(* Assume model $\mathcal M_{\mathrm s}$ and Assumption A1, and let $V_0=0$, $V_{t+1}=\dfrac{q(X_{1,t+1})/p(X_{1,t+1})}{(1-\theta)(1-V_t)/(\theta+(1-\theta)V_t)+q(X_{1,t+1})/p(X_{1,t+1})}$. Then: (1) for each $t\ge1$, $(V_1,\dots,V_t)$ has a continuous and strictly positive joint Lebesgue density on $(0,1)^t$; (2) for any $(v_1,\dots,v_t)\in(0,1)^t$, $\mathbb P(V_1\le v_1,\dots,V_t\le v_t)>0$; (3) for any $(v_1,\dots,v_t)\in(0,1)^t$, the conditional distribution of $V_{t+1}$ given $\{V_1\le v_1,\dots,V_t\le v_t\}$ has a continuous and positive density on $(0,1)$.
   Context: Stream $1$ has observations $X_{1,t}$, $t=1,2,\dots$, and change point $\tau_1$. Model $\mathcal M_{\mathrm s}$ (for this stream): $\mathbb P(\tau_1=m)=\theta(1-\theta)^m$, $m=0,1,2,\dots$, $\theta\in(0,1)$; conditionally on $\tau_1$, the $X_{1,t}$ are independent with density $p$ if $t\le\tau_1$ and $q$ if $t>\tau_1$. Assumption A1: for $Z_1\sim p$ and $Z_2\sim q$, the likelihood ratios $q(Z_1)/p(Z_1)$ and $q(Z_2)/p(Z_2)$ have continuous and strictly positive Lebesgue densities on $\mathbb R_+$. *)

theory Defs
  imports "HOL-Probability.Probability"
begin

definition LR :: "(real \<Rightarrow> real) \<Rightarrow> (real \<Rightarrow> real) \<Rightarrow> real \<Rightarrow> real" where
  "LR p q x = q x / p x"

primrec Vseq :: "real \<Rightarrow> (real \<Rightarrow> real) \<Rightarrow> (real \<Rightarrow> real) \<Rightarrow> (nat \<Rightarrow> 'a \<Rightarrow> real)
                  \<Rightarrow> nat \<Rightarrow> 'a \<Rightarrow> real" where
  "Vseq \<theta> p q X 0 \<omega> = 0"
| "Vseq \<theta> p q X (Suc t) \<omega> =
     LR p q (X (Suc t) \<omega>) /
       ((1 - \<theta>) * (1 - Vseq \<theta> p q X t \<omega>) / (\<theta> + (1 - \<theta>) * Vseq \<theta> p q X t \<omega>)
        + LR p q (X (Suc t) \<omega>))"

text \<open>Model M_s for one stream: tau geometric(theta) on {0,1,...}; given tau, the
  observations X_1, X_2, ... are independent with density p for t \<le> tau and q for t > tau.\<close>
definition model_Ms :: "'a measure \<Rightarrow> real \<Rightarrow> (real \<Rightarrow> real) \<Rightarrow> (real \<Rightarrow> real)
                         \<Rightarrow> ('a \<Rightarrow> nat) \<Rightarrow> (nat \<Rightarrow> 'a \<Rightarrow> real) \<Rightarrow> bool" where
  "model_Ms M \<theta> p q \<tau> X \<longleftrightarrow>
     prob_space M \<and> 0 < \<theta> \<and> \<theta> < 1 \<and>
     p \<in> borel_measurable borel \<and> q \<in> borel_measurable borel \<and>
     (\<forall>x. 0 \<le> p x) \<and> (\<forall>x. 0 \<le> q x) \<and>
     (\<integral>\<^sup>+ x. ennreal (p x) \<partial>lborel) = 1 \<and> (\<integral>\<^sup>+ x. ennreal (q x) \<partial>lborel) = 1 \<and>
     \<tau> \<in> measurable M (count_space UNIV) \<and>
     (\<forall>t. X t \<in> borel_measurable M) \<and>
     (\<forall>m n (B :: nat \<Rightarrow> real set). (\<forall>i\<in>{1..n}. B i \<in> sets borel) \<longrightarrow>
        measure M {\<omega> \<in> space M. \<tau> \<omega> = m \<and> (\<forall>i\<in>{1..n}. X i \<omega> \<in> B i)}
        = \<theta> * (1 - \<theta>) ^ m *
          (\<Prod>i\<in>{1..n}. measure (density lborel (\<lambda>x. ennreal (if i \<le> m then p x else q x))) (B i)))"

definition cont_pos_density_Rplus :: "'b measure \<Rightarrow> ('b \<Rightarrow> real) \<Rightarrow> bool" where
  "cont_pos_density_Rplus N Y \<longleftrightarrow>
     (\<exists>f :: real \<Rightarrow> real. distributed N lborel Y (\<lambda>y. ennreal (f y)) \<and>
        continuous_on {0<..} f \<and> (\<forall>y>0. 0 < f y) \<and> (\<forall>y\<le>0. f y = 0))"

definition assumption_A1 :: "(real \<Rightarrow> real) \<Rightarrow> (real \<Rightarrow> real) \<Rightarrow> bool" where
  "assumption_A1 p q \<longleftrightarrow>
     cont_pos_density_Rplus (density lborel (\<lambda>x. ennreal (p x))) (LR p q) \<and>
     cont_pos_density_Rplus (density lborel (\<lambda>x. ennreal (q x))) (LR p q)"

definition unit_cube :: "nat \<Rightarrow> (nat \<Rightarrow> real) set" where
  "unit_cube t = PiE {1..t} (\<lambda>_. {0<..<1})"

end

theory Submission
  imports Defs
begin

text \<open>
Write \<open>A(w) = (1-\<theta>)(1-w)/(\<theta>+(1-\<theta>)w)\<close>, so that \<open>V\<^sub>t\<^sub>+\<^sub>1 = L/(A(V\<^sub>t) + L)\<close> with
\<open>L = q(X\<^sub>t\<^sub>+\<^sub>1)/p(X\<^sub>t\<^sub>+\<^sub>1)\<close>, and \<open>A(w) > 0\<close> for \<open>w \<in> [0,1)\<close>. As \<open>z \<mapsto> z/(a+z)\<close> maps \<open>(0,\<infinity>)\<close>
increasingly onto \<open>(0,1)\<close>, Assumption A1 gives \<open>V\<^sub>t\<^sub>+\<^sub>1\<close> a transition density in \<open>V\<^sub>t\<close> that is
continuous and positive on \<open>[0,1) \<times> (0,1)\<close>, whichever of \<open>p, q\<close> the observation follows.
Given \<open>\<tau> = m\<close>, \<open>(V\<^sub>1,\<dots>,V\<^sub>n)\<close> is therefore a Markov chain whose joint density is the product of
these transition densities, and mixing over the geometric law of \<open>\<tau>\<close> gives (1); integrating
over a box gives (2). For (3), the density of \<open>V\<^sub>t\<^sub>+\<^sub>1\<close> on the event
\<open>{V\<^sub>1 \<le> v\<^sub>1, \<dots>, V\<^sub>t \<le> v\<^sub>t}\<close> is the \<open>(t+1)\<close>-dimensional density integrated over the box. On the
box \<open>V\<^sub>t \<le> v\<^sub>t < 1\<close>, so the transition densities are bounded for \<open>V\<^sub>t\<^sub>+\<^sub>1\<close> in compact subsets
of \<open>(0,1)\<close>, and continuity follows by dominated convergence.
\<close>

lemma nn_integral_pos_if_pos_on:
  assumes f: "f \<in> borel_measurable N" and C: "C \<in> sets N" "0 < emeasure N C"
    and pos: "\<And>x. x \<in> C \<Longrightarrow> 0 < f x"
  shows "0 < (\<integral>\<^sup>+x. f x \<partial>N)"
proof (rule ccontr)
  assume "\<not> 0 < (\<integral>\<^sup>+x. f x \<partial>N)"
  then have "AE x in N. f x = 0"
    using nn_integral_0_iff_AE[OF f] by (simp add: not_gr_zero)
  then have "AE x in N. x \<notin> C"
    by eventually_elim (use pos in force)
  then have "emeasure N {x \<in> space N. x \<in> C} = 0"
    by (rule emeasure_eq_0_AE[where P="\<lambda>x. x \<in> C", simplified])
  moreover have "{x \<in> space N. x \<in> C} = C"
    using sets.sets_into_space[OF C(1)] by blast
  ultimately show False
    using C(2) by simp
qed

lemma emeasure_PiM_lborel_box_pos:
  assumes "finite I" and ab: "\<And>i. i \<in> I \<Longrightarrow> a i < b i"
  shows "0 < emeasure (PiM I (\<lambda>_. lborel)) (Pi\<^sub>E I (\<lambda>i. {a i<..<b i :: real}))"
proof -
  interpret product_sigma_finite "\<lambda>_::'i. lborel :: real measure"
    by (intro product_sigma_finite.intro) (rule lborel.sigma_finite_measure_axioms)
  have "emeasure (PiM I (\<lambda>_. lborel)) (Pi\<^sub>E I (\<lambda>i. {a i<..<b i})) = (\<Prod>i\<in>I. ennreal (b i - a i))"
    using assms by (subst emeasure_PiM) (auto intro!: prod.cong simp: less_imp_le)
  also have "\<dots> = ennreal (\<Prod>i\<in>I. b i - a i)"
    using ab by (intro prod_ennreal) (simp add: less_imp_le)
  finally show ?thesis
    using assms by (simp add: prod_pos)
qed

lemma clamp_tendsto:
  fixes s :: "nat \<Rightarrow> real"
  assumes s: "s \<longlonglongrightarrow> a" and "\<alpha> < a" "a < \<beta>"
  shows "(\<lambda>n. max \<alpha> (min \<beta> (s n))) \<longlonglongrightarrow> a"
    and "eventually (\<lambda>n. max \<alpha> (min \<beta> (s n)) = s n) sequentially"
proof -
  have "(\<lambda>n. max \<alpha> (min \<beta> (s n))) \<longlonglongrightarrow> max \<alpha> (min \<beta> a)"
    by (intro tendsto_intros s)
  then show "(\<lambda>n. max \<alpha> (min \<beta> (s n))) \<longlonglongrightarrow> a"
    using assms by simp
  have "eventually (\<lambda>n. \<alpha> < s n \<and> s n < \<beta>) sequentially"
    using order_tendstoD(1)[OF s \<open>\<alpha> < a\<close>] order_tendstoD(2)[OF s \<open>a < \<beta>\<close>] by eventually_elim simp
  then show "eventually (\<lambda>n. max \<alpha> (min \<beta> (s n)) = s n) sequentially"
    by eventually_elim simp
qed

***

__WHAT IS EXPECTED__. Reproduce exactly the lines above from the line with "measure \<Rightarrow> ('b" to the line with "box. On the", including both, and add nothing.

__EXERCISE RESPONSE__.
definition cont_pos_density_Rplus :: "'b measure \<Rightarrow> ('b \<Rightarrow> real) \<Rightarrow> bool" where
  "cont_pos_density_Rplus N Y \<longleftrightarrow>
     (\<exists>f :: real \<Rightarrow> real. distributed N lborel Y (\<lambda>y. ennreal (f y)) \<and>
        continuous_on {0<..} f \<and> (\<forall>y>0. 0 < f y) \<and> (\<forall>y\<le>0. f y = 0))"

definition assumption_A1 :: "(real \<Rightarrow> real) \<Rightarrow> (real \<Rightarrow> real) \<Rightarrow> bool" where
  "assumption_A1 p q \<longleftrightarrow>
     cont_pos_density_Rplus (density lborel (\<lambda>x. ennreal (p x))) (LR p q) \<and>
     cont_pos_density_Rplus (density lborel (\<lambda>x. ennreal (q x))) (LR p q)"

definition unit_cube :: "nat \<Rightarrow> (nat \<Rightarrow> real) set" where
  "unit_cube t = PiE {1..t} (\<lambda>_. {0<..<1})"

end

theory Submission
  imports Defs
begin

text \<open>
Write \<open>A(w) = (1-\<theta>)(1-w)/(\<theta>+(1-\<theta>)w)\<close>, so that \<open>V\<^sub>t\<^sub>+\<^sub>1 = L/(A(V\<^sub>t) + L)\<close> with
\<open>L = q(X\<^sub>t\<^sub>+\<^sub>1)/p(X\<^sub>t\<^sub>+\<^sub>1)\<close>, and \<open>A(w) > 0\<close> for \<open>w \<in> [0,1)\<close>. As \<open>z \<mapsto> z/(a+z)\<close> maps \<open>(0,\<infinity>)\<close>
increasingly onto \<open>(0,1)\<close>, Assumption A1 gives \<open>V\<^sub>t\<^sub>+\<^sub>1\<close> a transition density in \<open>V\<^sub>t\<close> that is
continuous and positive on \<open>[0,1) \<times> (0,1)\<close>, whichever of \<open>p, q\<close> the observation follows.
Given \<open>\<tau> = m\<close>, \<open>(V\<^sub>1,\<dots>,V\<^sub>n)\<close> is therefore a Markov chain whose joint density is the product of
these transition densities, and mixing over the geometric law of \<open>\<tau>\<close> gives (1); integrating
over a box gives (2). For (3), the density of \<open>V\<^sub>t\<^sub>+\<^sub>1\<close> on the event
\<open>{V\<^sub>1 \<le> v\<^sub>1, \<dots>, V\<^sub>t \<le> v\<^sub>t}\<close> is the \<open>(t+1)\<close>-dimensional density integrated over the box. On the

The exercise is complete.